lemma Nexp_interp_diff_le:
  assumes "0 \<le> a"
    and kernel: "\<forall>l\<in>{a..b}. prob_space (\<nu> l) \<and> sets (\<nu> l) = sets borel"
    and moment: "expmom {a..b} \<nu> (Re \<eta>) < \<infinity>"
    and grid: "is_grid a b n xs" and p: "p \<in> {1, 2}" and l: "l \<in> {a..b}"
  shows "cmod (Nexp a b \<beta> \<eta> \<nu> (interp p n xs F) l - Nexp a b \<beta> \<eta> \<nu> F l)
           \<le> b * (Cstar {a..b} \<nu> (Re \<eta>) + 1) * supnorm_on {a..b} (\<lambda>x. interp p n xs F x - F x)"
  using assms DERIV_continuous_on[OF F_deriv] interp_measurable[OF grid]
    supnorm_interp_error(1)[OF grid p] grid_node_in_Icc[OF grid, of n]
  by (intro Nexp_diff_le_supnorm) (auto simp: is_grid_def)

lemma Nexp_interp_rate:
  assumes "0 \<le> a"
    and kernel: "\<forall>l\<in>{a..b}. prob_space (\<nu> l) \<and> sets (\<nu> l) = sets borel"
    and moment: "expmom {a..b} \<nu> (Re \<eta>) < \<infinity>"
    and grid: "is_grid a b n xs" and p: "p \<in> {1, 2}"
  defines "K \<equiv> (2 * M1 + 24 * M2) * (1 + b * (Cstar {a..b} \<nu> (Re \<eta>) + 1))"
  shows "supnorm_on {a..b} (\<lambda>x. interp p n xs F x - F x) \<le> K * maxstep n xs ^ p"
    and "\<forall>l\<in>{a..b}. cmod (Nexp a b \<beta> \<eta> \<nu> (interp p n xs F) l - Nexp a b \<beta> \<eta> \<nu> F l)
                      \<le> K * maxstep n xs ^ p"
proof -
  let ?c = "b * (Cstar {a..b} \<nu> (Re \<eta>) + 1)" and ?r = "(2 * M1 + 24 * M2) * maxstep n xs ^ p"
  let ?err = "supnorm_on {a..b} (\<lambda>x. interp p n xs F x - F x)"
  have b: "a \<le> b" using grid_node_in_Icc[OF grid, of 0] by simp
  have c: "0 \<le> ?c" using \<open>0 \<le> a\<close> b by (simp add: Cstar_def)
  have rate: "?err \<le> ?r" by (rule supnorm_interp_error(2)[OF grid p])
  have "0 \<le> ?err"
    using abs_le_supnorm_on[OF supnorm_interp_error(1)[OF grid p], of a] b by simp
  with rate c have cr: "0 \<le> ?c * ?r" "?c * ?err \<le> ?c * ?r" "0 \<le> ?r"
    by (simp_all add: mult_left_mono)
  have K: "K * maxstep n xs ^ p = ?r + ?c * ?r" by (simp add: K_def algebra_simps)
  show "?err \<le> K * maxstep n xs ^ p" using rate cr K by linarith
  show "\<forall>l\<in>{a..b}. cmod (Nexp a b \<beta> \<eta> \<nu> (interp p n xs F) l - Nexp a b \<beta> \<eta> \<nu> F l)
                      \<le> K * maxstep n xs ^ p" (is "\<forall>l\<in>_. ?N l \<le> _")
  proof
    fix l assume "l \<in> {a..b}"
    from Nexp_interp_diff_le[OF assms(1-5) this, where \<beta> = \<beta>] cr K
    show "?N l \<le> K * maxstep n xs ^ p" by linarith
  qed
qed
------------------------------------------------------------
■ Task objective
Look above for the line containing "by (intro Nexp_diff_le_supnorm)". Output from there through the line containing "with rate c", exactly and inclusively.

■ Output
  by (intro Nexp_diff_le_supnorm) (auto simp: is_grid_def)

lemma Nexp_interp_rate:
  assumes "0 \<le> a"
    and kernel: "\<forall>l\<in>{a..b}. prob_space (\<nu> l) \<and> sets (\<nu> l) = sets borel"
    and moment: "expmom {a..b} \<nu> (Re \<eta>) < \<infinity>"
    and grid: "is_grid a b n xs" and p: "p \<in> {1, 2}"
  defines "K \<equiv> (2 * M1 + 24 * M2) * (1 + b * (Cstar {a..b} \<nu> (Re \<eta>) + 1))"
  shows "supnorm_on {a..b} (\<lambda>x. interp p n xs F x - F x) \<le> K * maxstep n xs ^ p"
    and "\<forall>l\<in>{a..b}. cmod (Nexp a b \<beta> \<eta> \<nu> (interp p n xs F) l - Nexp a b \<beta> \<eta> \<nu> F l)
                      \<le> K * maxstep n xs ^ p"
proof -
  let ?c = "b * (Cstar {a..b} \<nu> (Re \<eta>) + 1)" and ?r = "(2 * M1 + 24 * M2) * maxstep n xs ^ p"
  let ?err = "supnorm_on {a..b} (\<lambda>x. interp p n xs F x - F x)"
  have b: "a \<le> b" using grid_node_in_Icc[OF grid, of 0] by simp
  have c: "0 \<le> ?c" using \<open>0 \<le> a\<close> b by (simp add: Cstar_def)
  have rate: "?err \<le> ?r" by (rule supnorm_interp_error(2)[OF grid p])
  have "0 \<le> ?err"
    using abs_le_supnorm_on[OF supnorm_interp_error(1)[OF grid p], of a] b by simp
  with rate c have cr: "0 \<le> ?c * ?r" "?c * ?err \<le> ?c * ?r" "0 \<le> ?r"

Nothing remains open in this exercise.